Pour moi, il était évident qu’il fallait qu’il aille à l’école maternelle et contre l’avis de tous nos proches comme le personnel médical (les médecins voulaient qu’il aille en hôpital de jour), je l’ai inscrit. Sa maîtresse, plus de 10 ans après, suit le parcours de Jules. Elle est toujours présente. Assez vite, malgré sa déficience et ses problèmes d’apprentissage, les enseignants ont dit que Jules ne posait pas de problème… si tout était mis en place pour l’aider et cette aide c’est un.e AVS à temps complet. Ça a été ça la guerre. Faire admettre que mon fils pouvait continuer dans le monde ordinaire. J’avais beau avoir le soutien de ses professeurs, chaque année j’ai dû me battre. Je suis allée trois fois en recours au tribunal. Mes droits et ceux de Jules n’étaient pas respectés. On voulait le mettre en hôpital de jour puis en IME. Et chaque année, Jules est passé dans la classe suivante. En dispositif Ulis bien sûr car il a de grosses difficultés d’apprentissage… et il est aujourd’hui en 3ème, au collège « ordinaire ». Un jour on m’a demandé : « Quel est le niveau scolaire de votre enfant ? » j’ai répondu « Mon fils a le sourire, il est content d’aller à l’école, il a des copains, il progresse. Je sais qu’il n’aura pas de diplôme, de brevet, de bac. Je m’en fiche. Mon fils est heureux à l’école ». C’est passé.

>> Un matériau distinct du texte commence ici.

lemma bij_betw_rev_words: "bij_betw rev (words N n) (words N n)"
  by (rule bij_betw_byWitness[where f' = rev]) (auto simp: words_def)

lemma zip_rev_map_rev:
  "length v = length ws \<Longrightarrow>
    zip (rev v) (rev (map rev ws)) = rev (map (\<lambda>(j, w). (j, rev w)) (zip v ws))"
  by (simp add: zip_rev zip_map2)

lemma split_coeff_rev:
  assumes "length v = length ws"
  shows "split_coeff i (rev (map rev ws)) (rev v) = split_coeff i ws v"
  unfolding split_coeff_def zip_rev_map_rev[OF assms]
  by (simp add: rev_map[symmetric] Y_coeff_rev o_def split_def)

lemma s_mono_split_mono_rev:
  assumes "length v = length ws"
  shows "s_mono (split_mono (rev (map rev ws)) (rev v)) = split_mono ws v"
  unfolding split_mono_def zip_rev_map_rev[OF assms]
  by (simp add: s_mono_concat rev_map[symmetric] o_def s_mono_Y_mono_rev split_def)

text \<open>Reversing the word u reverses the order of the intervals C_1 < ... < C_q and the word v.\<close>

lemma tensmap_sH_sH_Delta_gen_rev: "tensmap sH sH (Delta_gen N (i, rev u)) = Delta_gen N (i, u)"
proof -
  let ?term = "\<lambda>ws v. smul (split_coeff i ws v) (basis (s_mono (split_mono ws v), s_mono (Y_mono i v)))"
  have "tensmap sH sH (Delta_gen N (i, rev u))
      = (\<Sum>ws\<in>interval_splits (rev u). \<Sum>v\<in>words N (length ws). ?term ws v)"
    by (simp add: Delta_gen_eq_sum linear_pm_sum[OF linear_pm_tensmap]
        linear_pm_smul[OF linear_pm_tensmap])
  also have "\<dots> = (\<Sum>ws\<in>interval_splits u. \<Sum>v\<in>words N (length ws).
      ?term (rev (map rev ws)) (rev v))"
    unfolding sum.reindex_bij_betw[OF bij_betw_rev_interval_splits, symmetric] length_rev length_map
    by (intro sum.cong refl sum.reindex_bij_betw[OF bij_betw_rev_words, symmetric])
  also have "\<dots> = (\<Sum>ws\<in>interval_splits u. \<Sum>v\<in>words N (length ws).
      smul (split_coeff i ws v) (basis (split_mono ws v, Y_mono i v)))"
    by (intro sum.cong refl)
       (simp add: words_def split_coeff_rev s_mono_split_mono_rev s_mono_Y_mono_rev)
  finally show ?thesis by (simp add: Delta_gen_eq_sum)
qed

definition Delta_mono :: "nat \<Rightarrow> mono \<Rightarrow> HH" where
  "Delta_mono N mo = foldr HHmul (map (Delta_gen N) mo) HHone"

lemma Delta_mono_Nil [simp]: "Delta_mono N [] = HHone"
  by (simp add: Delta_mono_def)

lemma Delta_mono_Cons: "Delta_mono N (g # mo) = HHmul (Delta_gen N g) (Delta_mono N mo)"
  by (simp add: Delta_mono_def)

lemma Delta_mono_append: "Delta_mono N (a @ b) = HHmul (Delta_mono N a) (Delta_mono N b)"
  by (induction a) (simp_all add: Delta_mono_Cons HHmul_assoc)

lemma Delta_eq_lin: "Delta N = lin (Delta_mono N)"
  by (simp add: fun_eq_iff Delta_def Delta_mono_def[abs_def])

lemma tensmap_sH_sH_Delta_mono: "tensmap sH sH (Delta_mono N (s_mono mo)) = Delta_mono N mo"
proof (induction mo)
  case (Cons g mo)
  obtain i u where g: "g = (i, u)" by (cases g)
  have "Delta_mono N (s_mono (g # mo)) = HHmul (Delta_mono N (s_mono mo)) (Delta_gen N (i, rev u))"
    by (simp add: g s_mono_Cons Delta_mono_append Delta_mono_Cons)
  then show ?case
    by (simp add: tensmap_sH_sH_HHmul tensmap_sH_sH_Delta_gen_rev Cons Delta_mono_Cons g)
qed (simp add: HHone_def)

lemma Delta_eq_sH_Delta_sH: "Delta N x = tensmap sH sH (Delta N (sH x))"
proof -
  have "Delta N (sH x) = lin (\<lambda>mo. Delta_mono N (s_mono mo)) x"
    by (simp add: Delta_eq_lin sH_def lin_lin)
  then show ?thesis
    by (simp add: linear_pm_commute_lin[OF linear_pm_tensmap] tensmap_sH_sH_Delta_mono Delta_eq_lin)
qed

section \<open>Triangularity of the coproduct\<close>

definition valid_mono :: "nat \<Rightarrow> mono \<Rightarrow> bool" where
  "valid_mono N mo \<longleftrightarrow> (\<forall>g\<in>set mo. valid_gen N g)"

definition mono_deg :: "mono \<Rightarrow> nat" where
  "mono_deg mo = (\<Sum>g\<leftarrow>mo. length (snd g) - 1)"

lemma valid_mono_Nil [simp]: "valid_mono N []"
  by (simp add: valid_mono_def)

lemma valid_mono_Cons [simp]: "valid_mono N (g # mo) \<longleftrightarrow> valid_gen N g \<and> valid_mono N mo"
  by (simp add: valid_mono_def)

lemma valid_mono_append [simp]: "valid_mono N (a @ b) \<longleftrightarrow> valid_mono N a \<and> valid_mono N b"
  by (auto simp: valid_mono_def)

lemma valid_mono_s_mono [simp]: "valid_mono N (s_mono mo) \<longleftrightarrow> valid_mono N mo"
proof (induction mo)
  case (Cons g mo)
  then show ?case by (cases g) (auto simp: s_mono_Cons valid_gen_def)
qed simp

lemma mono_deg_Nil [simp]: "mono_deg [] = 0"
  by (simp add: mono_deg_def)

lemma mono_deg_Cons: "mono_deg ((i, u) # mo) = (length u - 1) + mono_deg mo"
  by (simp add: mono_deg_def)

lemma mono_deg_append [simp]: "mono_deg (a @ b) = mono_deg a + mono_deg b"
  by (simp add: mono_deg_def)

lemma Hcar_iff: "x \<in> Hcar N \<longleftrightarrow> (\<forall>mo\<in>keys x. valid_mono N mo)"
  by (simp add: Hcar_def valid_mono_def)

lemma HHcar_iff: "t \<in> HHcar N \<longleftrightarrow> (\<forall>k\<in>keys t. valid_mono N (fst k) \<and> valid_mono N (snd k))"
  by (auto simp: HHcar_def valid_mono_def)

definition lower_terms :: "nat \<Rightarrow> nat \<Rightarrow> HH set" where
  "lower_terms N d = {t \<in> HHcar N. \<forall>k\<in>keys t. mono_deg (fst k) < d}"

lemma lower_terms_iff:
  "t \<in> lower_terms N d \<longleftrightarrow>
    (\<forall>k\<in>keys t. valid_mono N (fst k) \<and> valid_mono N (snd k) \<and> mono_deg (fst k) < d)"
  by (auto simp: lower_terms_def HHcar_iff)

lemma lower_terms_zero [simp]: "0 \<in> lower_terms N d"
  by (simp add: lower_terms_iff)

lemma lower_terms_add: "s \<in> lower_terms N d \<Longrightarrow> t \<in> lower_terms N d \<Longrightarrow> s + t \<in> lower_terms N d"
  unfolding lower_terms_iff by (auto dest!: subsetD[OF keys_add])

lemma lower_terms_smul: "t \<in> lower_terms N d \<Longrightarrow> smul c t \<in> lower_terms N d"
  unfolding lower_terms_iff by (auto dest!: subsetD[OF keys_smul])

lemma lower_terms_sum: "(\<And>a. a \<in> A \<Longrightarrow> f a \<in> lower_terms N d) \<Longrightarrow> sum f A \<in> lower_terms N d"
  by (induction A rule: infinite_finite_induct) (auto intro: lower_terms_add)

lemma lower_terms_HHmul:
  assumes "\<And>p q. p \<in> keys s \<Longrightarrow> q \<in> keys t \<Longrightarrow> valid_mono N (fst p) \<and> valid_mono N (snd p)
      \<and> valid_mono N (fst q) \<and> valid_mono N (snd q) \<and> mono_deg (fst p) + mono_deg (fst q) < d"
  shows "HHmul s t \<in> lower_terms N d"
  using keys_bilin_ext[of pair_append s t] assms
  unfolding lower_terms_iff HHmul_eq_bilin_ext by (fastforce simp: pair_append_def)

lemma length_concat_nonempty:
  "(\<forall>w\<in>set ws. w \<noteq> []) \<Longrightarrow> (\<Sum>w\<leftarrow>ws. length w - 1) + length ws = length (concat ws)"
  by (induction ws) (auto simp: Suc_le_eq)

lemma finite_interval_splits: "finite (interval_splits u)"
proof -
  let ?W = "{w. set w \<subseteq> set u \<and> length w \<le> length u}"
  have "interval_splits u \<subseteq> {ws. set ws \<subseteq> ?W \<and> length ws \<le> length u}"
  proof
    fix ws assume ws: "ws \<in> interval_splits u"
    then have c: "concat ws = u" and ne: "\<forall>w\<in>set ws. w \<noteq> []"
      by (auto simp: interval_splits_def)
    have "length ws \<le> length u"
      using length_concat_nonempty[OF ne] unfolding c by linarith
    moreover have "w \<in> ?W" if "w \<in> set ws" for w
      using that c member_le_sum_list[of "length w" "map length ws"]
      by (auto simp: length_concat)
    ultimately show "ws \<in> {ws. set ws \<subseteq> ?W \<and> length ws \<le> length u}" by blast
  qed
  moreover have "finite {ws. set ws \<subseteq> ?W \<and> length ws \<le> length u}"
    by (intro finite_lists_length_le) simp
  ultimately show ?thesis by (rule finite_subset)
qed

lemma mono_deg_split_mono:
  "length v = length ws \<Longrightarrow> mono_deg (split_mono ws v) = (\<Sum>w\<leftarrow>ws. length w - 1)"
proof (induction v ws rule: list_induct2)
  case (Cons j v w ws)
  then show ?case by (simp add: split_mono_def Y_mono_def mono_deg_Cons)
qed (simp add: split_mono_def)

lemma valid_mono_split_mono:
  assumes "v \<in> words N (length ws)" "set (concat ws) \<subseteq> {1..N}"
  shows "valid_mono N (split_mono ws v)"
  unfolding valid_mono_def
proof
  fix g assume "g \<in> set (split_mono ws v)"
  then obtain j w where jw: "(j, w) \<in> set (zip v ws)" "g \<in> set (Y_mono j w)"
    unfolding split_mono_def by auto
  with set_zip_leftD[OF jw(1)] set_zip_rightD[OF jw(1)] assms show "valid_gen N g"
    by (auto simp: Y_mono_def valid_gen_def words_def split: if_splits)
qed

lemma Delta_gen_single_interval:
  assumes "i \<in> {1..N}" "2 \<le> length u"
  shows "(\<Sum>v\<in>words N 1. smul (split_coeff i [u] v) (basis (split_mono [u] v, Y_mono i v)))
    = basis ([(i, u)], [])"
proof -
  have "words N 1 = (\<lambda>j. [j]) ` {1..N}"
    by (auto simp: words_def length_Suc_conv)
  then have "(\<Sum>v\<in>words N 1. smul (split_coeff i [u] v) (basis (split_mono [u] v, Y_mono i v)))
      = (\<Sum>j\<in>{1..N}. smul (split_coeff i [u] [j]) (basis (split_mono [u] [j], Y_mono i [j])))"
    by (simp add: sum.reindex inj_on_def)
  also have "\<dots> = (\<Sum>j\<in>{1..N}. if i = j then basis ([(i, u)], []) else 0)"
    using assms(2) by (intro sum.cong refl) (auto simp: split_coeff_def Y_coeff_def split_mono_def Y_mono_def)
  also have "\<dots> = basis ([(i, u)], [])"
    using assms(1) by simp
  finally show ?thesis .
qed

lemma split_term_lower:
  assumes "valid_gen N (i, u)" "ws \<in> interval_splits u - {[u]}" "v \<in> words N (length ws)"
  shows "basis (split_mono ws v, Y_mono i v) \<in> lower_terms N (length u - 1)"
proof -
  have c: "concat ws = u" and ne: "\<forall>w\<in>set ws. w \<noteq> []" and "ws \<noteq> [u]"
    using assms(2) by (auto simp: interval_splits_def)
  moreover have "2 \<le> length u" "i \<in> {1..N}" "set u \<subseteq> {1..N}"
    using assms(1) by (auto simp: valid_gen_def)
  ultimately have "2 \<le> length ws"
    by (cases ws rule: remdups_adj.cases) auto
  moreover have "length v = length ws"
    using assms(3) by (simp add: words_def)
  ultimately show ?thesis
    using mono_deg_split_mono length_concat_nonempty[OF ne] valid_mono_split_mono[OF assms(3)]
      assms(3) \<open>i \<in> {1..N}\<close> \<open>set u \<subseteq> {1..N}\<close> \<open>2 \<le> length u\<close> c
    by (auto simp: lower_terms_iff Y_mono_def valid_gen_def words_def)
qed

Dans la force et le combat, mais c’est passé… jusque l’année suivante.
On m’a aussi presque accusée de « maltraitance » parce que je lui ai fait faire du sport, plein de sports. Je suis une ancienne sportive de haut niveau, mon papa était kiné, j’ai été élevée dans le soin du corps, de l’apprentissage par le sport. Le sport, c’est un outil magique pour apprendre, pour la psychomotricité, le rapport aux autres, la confiance... D’ailleurs, on a arrêté les cours de psychomote quand Jules s’est mis au tennis. Bon, au tennis, il n’y arrivait pas… et puis, il a essayé le handall 3 ans et c’était chouette : un autiste dans un sport collectif. Bien sûr, il fallait adapter à son handicap. Puis, il a essayé l’escrime 1 an, et en rencontrant un entraineur spécialisé, il est revenu au tennis et là… super, il savait renvoyer la balle.
Il fait aussi du surf et du ski à un niveau tellement national qu’il est champion de France en catégorie adaptée (NDLR : la catégorie des handicaps mentaux et psychiques). Il a participé aux Championnats du monde de ski cet hiver… Jules en équipe de France !

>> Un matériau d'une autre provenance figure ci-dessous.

(* Let $p\in(1,\infty)$, $\alpha\in(0,\frac np]$ and $f\in C^p_\alpha(\mathbb{R}^n)$. If $s>n-\alpha p$ and $\mu\in\mathcal{M}^s(\mathbb{R}^n)$, then $\|Mf\|_{L^1(\mu)}\le C\|f\|_{C^p_\alpha(\mathbb{R}^n)}$, where $C$ does not depend on $f$ (it may depend on $n,p,\alpha,s$ and $c_s(\mu)$).
   Context: $Mf$ is the centred Hardy–Littlewood maximal function on $\mathbb{R}^n$, defined at every point. For $\alpha>0$, $k=\lfloor\alpha\rfloor$, and a ball $\Delta$, $P^k_\Delta f$ is the unique polynomial of degree $\le k$ with $\int_\Delta(f-P^k_\Delta f)(y)y^\gamma dy=0$ for all multi-indices $|\gamma|\le k$; $f^\sharp_\alpha(x)=\sup_{\Delta\ni x}|\Delta|^{-\alpha/n}\frac1{|\Delta|}\int_\Delta|f-P^k_\Delta f|$ (supremum over balls containing $x$); $C^p_\alpha(\mathbb{R}^n)=\{f\in L^p:f^\sharp_\alpha\in L^p\}$ with norm $\|f\|_{L^p}+\|f^\sharp_\alpha\|_{L^p}$. $\mathcal{M}^s(\mathbb{R}^n)$ is the set of Borel probability measures $\mu$ with $c_s(\mu)=\sup_{x,r>0}\mu(\Delta(x,r))/r^s<\infty$. *)

theory Defs
  imports "HOL-Probability.Probability"
begin

definition multi_idx :: "nat \<Rightarrow> ('a::euclidean_space \<Rightarrow> nat) set" where
  "multi_idx k = {\<gamma>. (\<forall>b. b \<notin> Basis \<longrightarrow> \<gamma> b = 0) \<and> (\<Sum>b\<in>Basis. \<gamma> b) \<le> k}"

definition monom :: "('a::euclidean_space \<Rightarrow> nat) \<Rightarrow> 'a \<Rightarrow> real" where
  "monom \<gamma> x = (\<Prod>b\<in>Basis. (x \<bullet> b) ^ \<gamma> b)"

definition polys :: "nat \<Rightarrow> ('a::euclidean_space \<Rightarrow> real) set" where
  "polys k = {P. \<exists>c. \<forall>x. P x = (\<Sum>\<gamma>\<in>multi_idx k. c \<gamma> * monom \<gamma> x)}"

definition poly_proj :: "nat \<Rightarrow> 'a::euclidean_space set \<Rightarrow> ('a \<Rightarrow> real) \<Rightarrow> ('a \<Rightarrow> real)" where
  "poly_proj k D f = (THE P. P \<in> polys k \<and>
      (\<forall>\<gamma>\<in>multi_idx k. (LINT y:D|lebesgue. (f y - P y) * monom \<gamma> y) = 0))"

definition sharp_max :: "real \<Rightarrow> ('a::euclidean_space \<Rightarrow> real) \<Rightarrow> 'a \<Rightarrow> ennreal" where
  "sharp_max \<alpha> f x = (SUP cr \<in> {(c, r). 0 < r \<and> x \<in> ball c r}.
      ennreal (measure lebesgue (ball (fst cr) (snd cr)) powr (- \<alpha> / real DIM('a))
               / measure lebesgue (ball (fst cr) (snd cr)))
      * (\<integral>\<^sup>+ y \<in> ball (fst cr) (snd cr).
           ennreal \<bar>f y - poly_proj (nat \<lfloor>\<alpha>\<rfloor>) (ball (fst cr) (snd cr)) f y\<bar> \<partial>lebesgue))"

definition maximal :: "('a::euclidean_space \<Rightarrow> real) \<Rightarrow> 'a \<Rightarrow> ennreal" where
  "maximal f x = (SUP r \<in> {0<..}. (\<integral>\<^sup>+ y \<in> ball x r. ennreal \<bar>f y\<bar> \<partial>lebesgue)
                                    / emeasure lebesgue (ball x r))"

definition in_Lp :: "real \<Rightarrow> ('a::euclidean_space \<Rightarrow> real) \<Rightarrow> bool" where
  "in_Lp p f \<longleftrightarrow> f \<in> borel_measurable lebesgue \<and> integrable lebesgue (\<lambda>x. \<bar>f x\<bar> powr p)"

definition Lp_norm :: "real \<Rightarrow> ('a::euclidean_space \<Rightarrow> real) \<Rightarrow> real" where
  "Lp_norm p f = (\<integral>x. \<bar>f x\<bar> powr p \<partial>lebesgue) powr (1 / p)"

definition in_Lp_enn :: "real \<Rightarrow> ('a::euclidean_space \<Rightarrow> ennreal) \<Rightarrow> bool" where
  "in_Lp_enn p g \<longleftrightarrow> (AE x in lebesgue. g x < \<infinity>) \<and> in_Lp p (\<lambda>x. enn2real (g x))"

definition in_Cp :: "real \<Rightarrow> real \<Rightarrow> ('a::euclidean_space \<Rightarrow> real) \<Rightarrow> bool" where
  "in_Cp p \<alpha> f \<longleftrightarrow> in_Lp p f \<and> in_Lp_enn p (sharp_max \<alpha> f)"

definition Cp_norm :: "real \<Rightarrow> real \<Rightarrow> ('a::euclidean_space \<Rightarrow> real) \<Rightarrow> real" where
  "Cp_norm p \<alpha> f = Lp_norm p f + Lp_norm p (\<lambda>x. enn2real (sharp_max \<alpha> f x))"

definition cs :: "real \<Rightarrow> 'a::euclidean_space measure \<Rightarrow> ennreal" where
  "cs s \<mu> = (SUP xr \<in> UNIV \<times> {0<..}. emeasure \<mu> (ball (fst xr) (snd xr)) / ennreal (snd xr powr s))"

definition Ms :: "real \<Rightarrow> 'a::euclidean_space measure \<Rightarrow> bool" where
  "Ms s \<mu> \<longleftrightarrow> prob_space \<mu> \<and> sets \<mu> = sets borel \<and> cs s \<mu> < \<infinity>"

end

theory Submission
  imports Defs "HOL-Computational_Algebra.Polynomial"
begin

(* Fix x and write B_j = B(x, 2^-j), P_j = P^k_(B_j) f and e_j(x) for the mean of |f - P_j| over B_j.
   Means over balls of radius at least 1 are controlled by the L^p norm of f. For smaller balls we
   telescope P_(j+1) - P_j: polynomials of degree at most k form a finite-dimensional space, so on
   every ball their supremum is at most a fixed multiple of their mean, and the mean of
   |P_(j+1) - P_j| over B_(j+1) is at most e_(j+1) + 2^n e_j. Hence Mf(x) is bounded by a multiple of
   the L^p norm of f plus sum_j e_j(x). Next, e_j(x) <= |B_j|^(alpha/n) f#_alpha(y) for every y in
   B_j; averaging over y, integrating in mu and swapping the integrals, mu(B(y, 2^-j)) <= c_s(mu)
   2^(-j s) gives int e_j dmu = O(2^(-j beta)) with beta = alpha + (s - n)/p > 0, a convergent
   geometric series. Hoelder's inequality is used in the linearised form
   t <= t^p / (p l^(p-1)) + l, with l chosen optimally. *)

section \<open>Polynomials of bounded degree\<close>

lemma finite_multi_idx: "finite (multi_idx k :: ('a::euclidean_space \<Rightarrow> nat) set)"
proof -
  have "multi_idx k \<subseteq> {\<gamma>::'a\<Rightarrow>nat. \<forall>b. (b \<in> Basis \<longrightarrow> \<gamma> b \<in> {..k}) \<and> (b \<notin> Basis \<longrightarrow> \<gamma> b = 0)}"
  proof
    fix \<gamma> :: "'a \<Rightarrow> nat" assume g: "\<gamma> \<in> multi_idx k"
    { fix b :: 'a assume b: "b \<in> Basis"
      have "\<gamma> b \<le> (\<Sum>b\<in>Basis. \<gamma> b)" using b by (intro member_le_sum) auto
      also have "\<dots> \<le> k" using g by (simp add: multi_idx_def)
      finally have "\<gamma> b \<in> {..k}" by simp }
    then show "\<gamma> \<in> {\<gamma>::'a\<Rightarrow>nat. \<forall>b. (b \<in> Basis \<longrightarrow> \<gamma> b \<in> {..k}) \<and> (b \<notin> Basis \<longrightarrow> \<gamma> b = 0)}"
      using g by (auto simp: multi_idx_def)
  qed
  moreover have "finite {\<gamma>::'a\<Rightarrow>nat. \<forall>b. (b \<in> Basis \<longrightarrow> \<gamma> b \<in> {..k}) \<and> (b \<notin> Basis \<longrightarrow> \<gamma> b = 0)}"
    by (rule finite_set_of_finite_funs) auto
  ultimately show ?thesis by (rule finite_subset)
qed

lemma multi_idx_mono: "k \<le> l \<Longrightarrow> multi_idx k \<subseteq> multi_idx l"
  by (auto simp: multi_idx_def)

lemma mem_polys_iff: "P \<in> polys k \<longleftrightarrow> (\<exists>c. P = (\<lambda>x. \<Sum>\<gamma>\<in>multi_idx k. c \<gamma> * Defs.monom \<gamma> x))"
  by (auto simp: polys_def)

lemma polys_mono: assumes "k \<le> l" "P \<in> polys k" shows "P \<in> polys l"
proof -
  obtain c where c: "P = (\<lambda>x. \<Sum>\<gamma>\<in>multi_idx k. c \<gamma> * Defs.monom \<gamma> x)" using assms by (auto simp: mem_polys_iff)
  define d where "d \<gamma> = (if \<gamma> \<in> multi_idx k then c \<gamma> else 0)" for \<gamma>
  have "P x = (\<Sum>\<gamma>\<in>multi_idx l. d \<gamma> * Defs.monom \<gamma> x)" for x
  proof -
    have "(\<Sum>\<gamma>\<in>multi_idx l. d \<gamma> * Defs.monom \<gamma> x) = (\<Sum>\<gamma>\<in>multi_idx k. d \<gamma> * Defs.monom \<gamma> x)"
      by (rule sum.mono_neutral_right) (use multi_idx_mono[OF assms(1)] finite_multi_idx in \<open>auto simp: d_def\<close>)
    also have "\<dots> = P x" unfolding c d_def by (rule sum.cong) auto
    finally show ?thesis by simp
  qed
  then show ?thesis by (auto simp: polys_def)
qed

lemma polys_add: assumes "P \<in> polys k" "Q \<in> polys k" shows "(\<lambda>x. P x + Q x) \<in> polys k"
proof -
  obtain c d where "P = (\<lambda>x. \<Sum>\<gamma>\<in>multi_idx k. c \<gamma> * Defs.monom \<gamma> x)" "Q = (\<lambda>x. \<Sum>\<gamma>\<in>multi_idx k. d \<gamma> * Defs.monom \<gamma> x)"
    using assms by (auto simp: mem_polys_iff)
  then show ?thesis unfolding polys_def
    by (auto intro!: exI[of _ "\<lambda>\<gamma>. c \<gamma> + d \<gamma>"] simp: sum.distrib distrib_right)
qed

lemma polys_cmult: assumes "P \<in> polys k" shows "(\<lambda>x. a * P x) \<in> polys k"
proof -
  obtain c where "P = (\<lambda>x. \<Sum>\<gamma>\<in>multi_idx k. c \<gamma> * Defs.monom \<gamma> x)"
    using assms by (auto simp: mem_polys_iff)
  then show ?thesis unfolding polys_def
    by (auto intro!: exI[of _ "\<lambda>\<gamma>. a * c \<gamma>"] simp: sum_distrib_left mult.assoc)
qed

lemma polys_zero: "(\<lambda>x. 0) \<in> polys k"
  unfolding polys_def by (auto intro!: exI[of _ "\<lambda>\<gamma>. 0"])

lemma polys_diff: assumes "P \<in> polys k" "Q \<in> polys k" shows "(\<lambda>x. P x - Q x) \<in> polys k"
  using polys_add[OF assms(1) polys_cmult[OF assms(2), of "-1"]] by simp

lemma polys_sum: assumes "finite S" "\<And>i. i \<in> S \<Longrightarrow> P i \<in> polys k"
  shows "(\<lambda>x. \<Sum>i\<in>S. P i x) \<in> polys k"
  using assms by (induction S rule: finite_induct) (auto intro: polys_zero polys_add)

lemma polys_monom: assumes "\<gamma> \<in> multi_idx k" shows "Defs.monom \<gamma> \<in> polys k"
proof -
  have "Defs.monom \<gamma> x = (\<Sum>\<delta>\<in>multi_idx k. (if \<delta> = \<gamma> then 1 else 0) * Defs.monom \<delta> x)" for x
  proof -
    have "(\<Sum>\<delta>\<in>multi_idx k. (if \<delta> = \<gamma> then 1 else 0) * Defs.monom \<delta> x)
        = (\<Sum>\<delta>\<in>multi_idx k. if \<delta> = \<gamma> then Defs.monom \<delta> x else 0)" by (rule sum.cong) auto
    also have "\<dots> = Defs.monom \<gamma> x" using assms by (simp add: sum.delta finite_multi_idx)
    finally show ?thesis by simp
  qed
  then show ?thesis unfolding polys_def mem_Collect_eq
    by (intro exI[where x="\<lambda>\<delta>. if \<delta> = \<gamma> then 1 else 0"] allI) blast
qed

lemma monom_add: "Defs.monom (\<lambda>b. \<gamma> b + \<delta> b) x = Defs.monom \<gamma> x * Defs.monom \<delta> x"
  by (simp add: Defs.monom_def power_add prod.distrib)

lemma multi_idx_add: "\<gamma> \<in> multi_idx a \<Longrightarrow> \<delta> \<in> multi_idx b \<Longrightarrow> (\<lambda>i. \<gamma> i + \<delta> i) \<in> multi_idx (a + b)"
  by (auto simp: multi_idx_def sum.distrib)

lemma polys_mult: assumes "P \<in> polys a" "Q \<in> polys b" shows "(\<lambda>x. P x * Q x) \<in> polys (a + b)"
proof -
  obtain c d where cd: "P = (\<lambda>x. \<Sum>\<gamma>\<in>multi_idx a. c \<gamma> * Defs.monom \<gamma> x)" "Q = (\<lambda>x. \<Sum>\<gamma>\<in>multi_idx b. d \<gamma> * Defs.monom \<gamma> x)"
    using assms by (auto simp: mem_polys_iff)
  have "(\<lambda>x. P x * Q x) = (\<lambda>x. \<Sum>\<gamma>\<in>multi_idx a. \<Sum>\<delta>\<in>multi_idx b. (c \<gamma> * d \<delta>) * Defs.monom (\<lambda>i. \<gamma> i + \<delta> i) x)"
    unfolding cd monom_add by (simp add: sum_product mult_ac)
  also have "\<dots> \<in> polys (a + b)"
    by (intro polys_sum finite_multi_idx polys_cmult polys_monom multi_idx_add)
  finally show ?thesis .
qed

lemma polys_const: "(\<lambda>x. a) \<in> polys k"
proof -
  have "(\<lambda>_. 0) \<in> multi_idx k" by (simp add: multi_idx_def)
  from polys_cmult[OF polys_monom[OF this], of a] show ?thesis by (simp add: Defs.monom_def)
qed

L’année prochaine, ce sera la seconde ou le CAP. On parle déjà d’ESAT pour Jules (structure professionnelle réservée aux personnes handicapées) mais lui, il ne veut pas. Alors moi, je ne veux pas non plus. Depuis qu’il a 3 ans, on veut l’enfermer. Je me bats pour qu’il y ait d’autres possibles et Jules nous prouve chaque jour qu’ils existent, ces autres possibles…
L’Atelier STABILO envoie sa sympathie et son admiration pour tous ces parents courage qui mènent un combat souvent déloyal afin que leur enfant aille à l’école, pour qu’il ait une place en IME parce que parfois, c’est ce qu’il faut mais ce n’est pas possible non plus… et que dire du passage à l’âge fatidique des 18 ans quand on a un enfant handicap ? Soudain, il n’y a plus rien (déjà que souvent il n’y a pas grand-chose). Chapeau bas à toutes celles et tous ceux qui luttent pour l’inclusion. La vraie.
Et mille encouragements à Jules pour son passage en lycée (et oui !) et ses compétitions sportives à venir.